Lazar "Laza" Ristovski (Serbian Cyrillic: Лаза Ристовски, /sh/; 23 January 1956 – 6 October 2007) was a Serbian and former Yugoslav keyboardist, known for being a member of rock bands Smak and Bijelo Dugme, as well as for his eclectic solo work that spanned many different musical genres.

==Biography==
===Early life===
Lazar Ristovski was born in Novi Pazar, as his father, a Yugoslav People's Army officer, was stationed there at the time. When Ristovski was two years old, the family moved to Kraljevo, which is where he grew up.
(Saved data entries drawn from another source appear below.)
(* In the FSISIC-with-AWGN setting below, let a codeword $x_1^n\in\mathcal C$ be transmitted from an initial state $s_1\in\mathcal S_0$, let $(\tilde e_1,\dots,\tilde e_n)$ be the resulting edge-path (so $\tilde e_i=(i,s_i,\eta(x_i,s_i),x_i)$ with $s_{i+1}=\eta(x_i,s_i)$), and let $\mathbf c=(c_1,\dots,c_n)$ with $c_i=a(\tilde e_i)$ be the symbol-wise signal-space codeword. The received sequence is $\mathbf y=\mathbf c+\mathbf v$, where $v_1,\dots,v_n$ are i.i.d. $\mathcal N(0,\sigma^2)$. Let $g\in\mathcal P_{\mathcal T}(H)$ be fixed (independent of $\mathbf v$), let $\mathbf p=(p_1,\dots,p_n)$ with $p_i=\sum_{e:\,t(e)=i}g(e)a(e)$ be its signal-space projection, and assume $\mathbf p\neq\mathbf c$. Define $\|\mathbf d\|^2=\sum_{i=1}^n(c_i-p_i)^2$, $\sigma_p^2=\sum_{e\in\mathcal E}g(e)a(e)^2-\sum_{i=1}^np_i^2$, and $d_{gen}^2(\mathbf c,\mathbf p)=\frac{(\|\mathbf d\|^2+\sigma_p^2)^2}{\|\mathbf d\|^2}$. Then the pairwise error probability $$\Pr(\mathbf c\to\mathbf p)=\Pr\Big\{\sum_{e\in\mathcal E}g(e)\big(y_{t(e)}-a(e)\big)^2\le\sum_{i=1}^n(y_i-c_i)^2\Big\}$$ equals $Q\!\left(\frac{d_{gen}(\mathbf c,\mathbf p)}{2\sigma}\right)$, where $d_{gen}=\frac{\|\mathbf d\|^2+\sigma_p^2}{\|\mathbf d\|}$ and $Q(z)=\int_z^\infty\frac{1}{\sqrt{2\pi}}e^{-u^2/2}\,du$.
   Context: Let $\mathcal C\subseteq\{0,1\}^n$ be a binary linear code with parity-check matrix $H$, and let $\mathcal I$ be the collection of sets of column indices participating in each row (parity check) of $H$. For $I\in\mathcal I$ define $\mathrm{LCP}(I)=\bigcap_{S\subseteq I,\ |S|\text{ odd}}\{\mathbf f\in[0,1]^n:\sum_{i\in S}f_i-\sum_{i\in I\setminus S}f_i\le |S|-1\}$ and $\mathcal P(H)=\bigcap_{I\in\mathcal I}\mathrm{LCP}(I)$. FSISIC with AWGN: finite state set $\mathcal S$, functions $\eta:\{0,1\}\times\mathcal S\to\mathcal S$ (next state) and $\alpha:\mathcal S\times\{0,1\}\to\mathbb R$ (noiseless output), noise variance $\sigma^2>0$, and a nonempty set $\mathcal S_0\subseteq\mathcal S$ of allowed initial states. The trellis edge set is $\mathcal E=\{(i,s,\eta(x,s),x): i\in\{1,\dots,n\},\ x\in\{0,1\},\ s\in\mathcal S\text{ (with } s\in\mathcal S_0\text{ if } i=1)\}$; for $e=(i,s,s',x)$ write $t(e)=i$, $s(e)=s$, $s'(e)=s'$, $x(e)=x$, $a(e)=\alpha(s,x)$. The trellis polytope $\mathcal T$ is the set of $g:\mathcal E\to[0,1]$ with $\sum_{e:\,t(e)=1}g(e)=1$ and, for every $i=1,\dots,n-1$ and $j\in\mathcal S$, $\sum_{e:\,t(e)=i,\,s'(e)=j}g(e)=\sum_{e:\,t(e)=i+1,\,s(e)=j}g(e)$. The projection $\mathcal Q$ maps $g$ to $\mathbf f=\mathcal Qg$ with $f_i=\sum_{e:\,t(e)=i,\,x(e)=1}g(e)$. The trellis-wise relaxed polytope is $\mathcal P_{\mathcal T}(H)=\{g\in\mathcal T:\mathcal Qg\in\mathcal P(H)\}$. *)

theory Defs
  imports "HOL-Probability.Probability"
begin

text \<open>Trellis edges are tuples (i, s, s', x): time index, current state, next state, input bit.
  Bits are represented by bool (True = 1). The state set S is the finite type 's.\<close>

type_synonym 's edge = "nat \<times> 's \<times> 's \<times> bool"

definition t_of :: "'s edge \<Rightarrow> nat" where "t_of e = fst e"
definition s_of :: "'s edge \<Rightarrow> 's" where "s_of e = fst (snd e)"
definition s'_of :: "'s edge \<Rightarrow> 's" where "s'_of e = fst (snd (snd e))"
definition x_of :: "'s edge \<Rightarrow> bool" where "x_of e = snd (snd (snd e))"
definition a_of :: "('s \<Rightarrow> bool \<Rightarrow> real) \<Rightarrow> 's edge \<Rightarrow> real" where
  "a_of \<alpha> e = \<alpha> (s_of e) (x_of e)"

definition trellis_edges :: "nat \<Rightarrow> 's set \<Rightarrow> (bool \<Rightarrow> 's \<Rightarrow> 's) \<Rightarrow> 's edge set" where
  "trellis_edges n S0 \<eta> =
     {(i, s, \<eta> x s, x) | i s x. i \<in> {1..n} \<and> (i = 1 \<longrightarrow> s \<in> S0)}"

text \<open>Parity-check matrix H with m rows (indexed 1..m) and n columns (indexed 1..n);
  H j i = True means entry (j,i) equals 1.\<close>

definition check_sets :: "nat \<Rightarrow> nat \<Rightarrow> (nat \<Rightarrow> nat \<Rightarrow> bool) \<Rightarrow> nat set set" where
  "check_sets m n H = {{i \<in> {1..n}. H j i} | j. j \<in> {1..m}}"

definition code_of :: "nat \<Rightarrow> nat \<Rightarrow> (nat \<Rightarrow> nat \<Rightarrow> bool) \<Rightarrow> (nat \<Rightarrow> bool) set" where
  "code_of m n H = {x. \<forall>I \<in> check_sets m n H. even (card {i \<in> I. x i})}"

definition LCP :: "nat \<Rightarrow> nat set \<Rightarrow> (nat \<Rightarrow> real) set" where
  "LCP n I = {f. (\<forall>i \<in> {1..n}. 0 \<le> f i \<and> f i \<le> 1) \<and>
      (\<forall>S \<subseteq> I. odd (card S) \<longrightarrow>
         (\<Sum>i\<in>S. f i) - (\<Sum>i\<in>I - S. f i) \<le> real (card S) - 1)}"

definition relaxed_polytope :: "nat \<Rightarrow> nat \<Rightarrow> (nat \<Rightarrow> nat \<Rightarrow> bool) \<Rightarrow> (nat \<Rightarrow> real) set" where
  "relaxed_polytope m n H = {f. (\<forall>i \<in> {1..n}. 0 \<le> f i \<and> f i \<le> 1) \<and>
      (\<forall>I \<in> check_sets m n H. f \<in> LCP n I)}"

definition trellis_polytope :: "nat \<Rightarrow> 's set \<Rightarrow> (bool \<Rightarrow> 's \<Rightarrow> 's) \<Rightarrow> ('s edge \<Rightarrow> real) set" where
  "trellis_polytope n S0 \<eta> = {g.
     (\<forall>e \<in> trellis_edges n S0 \<eta>. 0 \<le> g e \<and> g e \<le> 1) \<and>
     (\<Sum>e \<in> {e \<in> trellis_edges n S0 \<eta>. t_of e = 1}. g e) = 1 \<and>
     (\<forall>i \<in> {1..<n}. \<forall>j.
        (\<Sum>e \<in> {e \<in> trellis_edges n S0 \<eta>. t_of e = i \<and> s'_of e = j}. g e) =
        (\<Sum>e \<in> {e \<in> trellis_edges n S0 \<eta>. t_of e = Suc i \<and> s_of e = j}. g e))}"

definition proj_Q :: "nat \<Rightarrow> 's set \<Rightarrow> (bool \<Rightarrow> 's \<Rightarrow> 's) \<Rightarrow> ('s edge \<Rightarrow> real) \<Rightarrow> nat \<Rightarrow> real" where
  "proj_Q n S0 \<eta> g i = (\<Sum>e \<in> {e \<in> trellis_edges n S0 \<eta>. t_of e = i \<and> x_of e}. g e)"

definition trellis_relaxed_polytope ::
  "nat \<Rightarrow> nat \<Rightarrow> (nat \<Rightarrow> nat \<Rightarrow> bool) \<Rightarrow> 's set \<Rightarrow> (bool \<Rightarrow> 's \<Rightarrow> 's) \<Rightarrow> ('s edge \<Rightarrow> real) set" where
  "trellis_relaxed_polytope m n H S0 \<eta> =
     {g \<in> trellis_polytope n S0 \<eta>. proj_Q n S0 \<eta> g \<in> relaxed_polytope m n H}"

definition Qfun :: "real \<Rightarrow> real" where
  "Qfun z = (LBINT u:{z..}. (1 / sqrt (2 * pi)) * exp (- (u\<^sup>2) / 2))"

definition noise_measure :: "nat \<Rightarrow> real \<Rightarrow> (nat \<Rightarrow> real) measure" where
  "noise_measure n \<sigma> = PiM {1..n} (\<lambda>_. density lborel (normal_density 0 \<sigma>))"

end

theory Submission
  imports Defs
begin

(* Write y = c + v.  For a trellis pseudo-codeword g the flow-conservation
   constraints force every time layer of the trellis to carry total weight 1.  Expanding
   the squares layer by layer then turns the difference of the two decision metrics into
   the affine function  \<parallel>d\<parallel>\<^sup>2 + \<sigma>p\<^sup>2 + 2 \<Sum>i (c i - p i) v i  of the noise.  Hence the pairwise
   error event is a half-space, and the linear form \<Sum>i d i v i of i.i.d. N(0,\<sigma>\<^sup>2) noise is
   N(0, \<sigma>\<^sup>2 \<parallel>d\<parallel>\<^sup>2), so its probability is a Gaussian tail Q(\<cdot>). *)

lemma coordinates_indep_PiM:
  fixes N :: "real measure" and I :: "nat set"
  assumes pN: "prob_space N" and sN: "sets N = sets borel" and I: "I \<noteq> {}"
  shows "prob_space.indep_vars (PiM I (\<lambda>_. N)) (\<lambda>_. borel) (\<lambda>i \<omega>. \<omega> i) I"
proof -
  define M where "M = PiM I (\<lambda>_. N)"
  interpret prob_space M unfolding M_def by (intro prob_space_PiM pN)
  have sM: "sets M = sets (PiM I (\<lambda>_. borel))"
    unfolding M_def by (intro sets_PiM_cong) (auto simp: sN)
  have rv: "random_variable borel (\<lambda>\<omega>. \<omega> i)" if "i \<in> I" for i
    unfolding M_def using that by (simp add: measurable_cong_sets[OF refl sN[symmetric]])
  have restrict_distr: "distr M (PiM I (\<lambda>_. borel)) (\<lambda>x. \<lambda>i\<in>I. x i) = M"
  proof (rule measure_eqI)
    show "sets (distr M (PiM I (\<lambda>_. borel)) (\<lambda>x. \<lambda>i\<in>I. x i)) = sets M" using sM by simp
  next
    fix A assume A: "A \<in> sets (distr M (PiM I (\<lambda>_. borel)) (\<lambda>x. \<lambda>i\<in>I. x i))"
    have meas: "(\<lambda>x. \<lambda>i\<in>I. x i) \<in> measurable M (PiM I (\<lambda>_. borel))"
      using rv by (intro measurable_restrict) auto
    have "A \<subseteq> space M" using A sM sets.sets_into_space by (metis sets_distr)
    moreover have "x \<in> space M \<Longrightarrow> (\<lambda>i\<in>I. x i) = x" for x
      unfolding M_def by (auto simp: space_PiM PiE_def extensional_def restrict_def)
    ultimately have "(\<lambda>x. \<lambda>i\<in>I. x i) -` A \<inter> space M = A" by auto
    then show "emeasure (distr M (PiM I (\<lambda>_. borel)) (\<lambda>x. \<lambda>i\<in>I. x i)) A = emeasure M A"
      using A meas by (simp add: emeasure_distr)
  qed
  have marginal: "distr M borel (\<lambda>\<omega>. \<omega> i) = N" if "i \<in> I" for i
  proof -
    have "distr M borel (\<lambda>\<omega>. \<omega> i) = distr M N (\<lambda>\<omega>. \<omega> i)"
      by (rule distr_cong) (auto simp: sN)
    also have "\<dots> = N" unfolding M_def by (rule distr_PiM_component[OF pN that])
    finally show ?thesis .
  qed
  have "(\<Pi>\<^sub>M i\<in>I. distr M borel (\<lambda>\<omega>. \<omega> i)) = M"
    by (subst M_def, rule PiM_cong) (auto simp: marginal)
  then show ?thesis
    using indep_vars_iff_distr_eq_PiM'[OF I rv] restrict_distr unfolding M_def by simp
qed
===Early career (1970–1974)===
Ristovski formed his first band, Bezimeni (The Nameless), when he was fourteen. The band made only one recording, the song "Maštarenje", which was released on various artists album Veče uz radio (Evening by the Radio) in 1975. In the summer of 1974, Bezimeni performed in Bečići, where a well-known clarinetist Boki Milošević heard their performance. After Milošević's invitation, Ristovski moved to Belgrade and became a member of Milošević's orchestra.

===Smak (1975–1976)===
During the autumn of 1974, Ristovski started performing with Kragujevac-based progressive rock band Smak, but became their official member as of January 1975. With Smak he recorded their debut self-titled album (1975), the EP Satelit (Satellite, 1976), Radomir Mihajlović's first solo album, R. M. Točak (1976), and several singles.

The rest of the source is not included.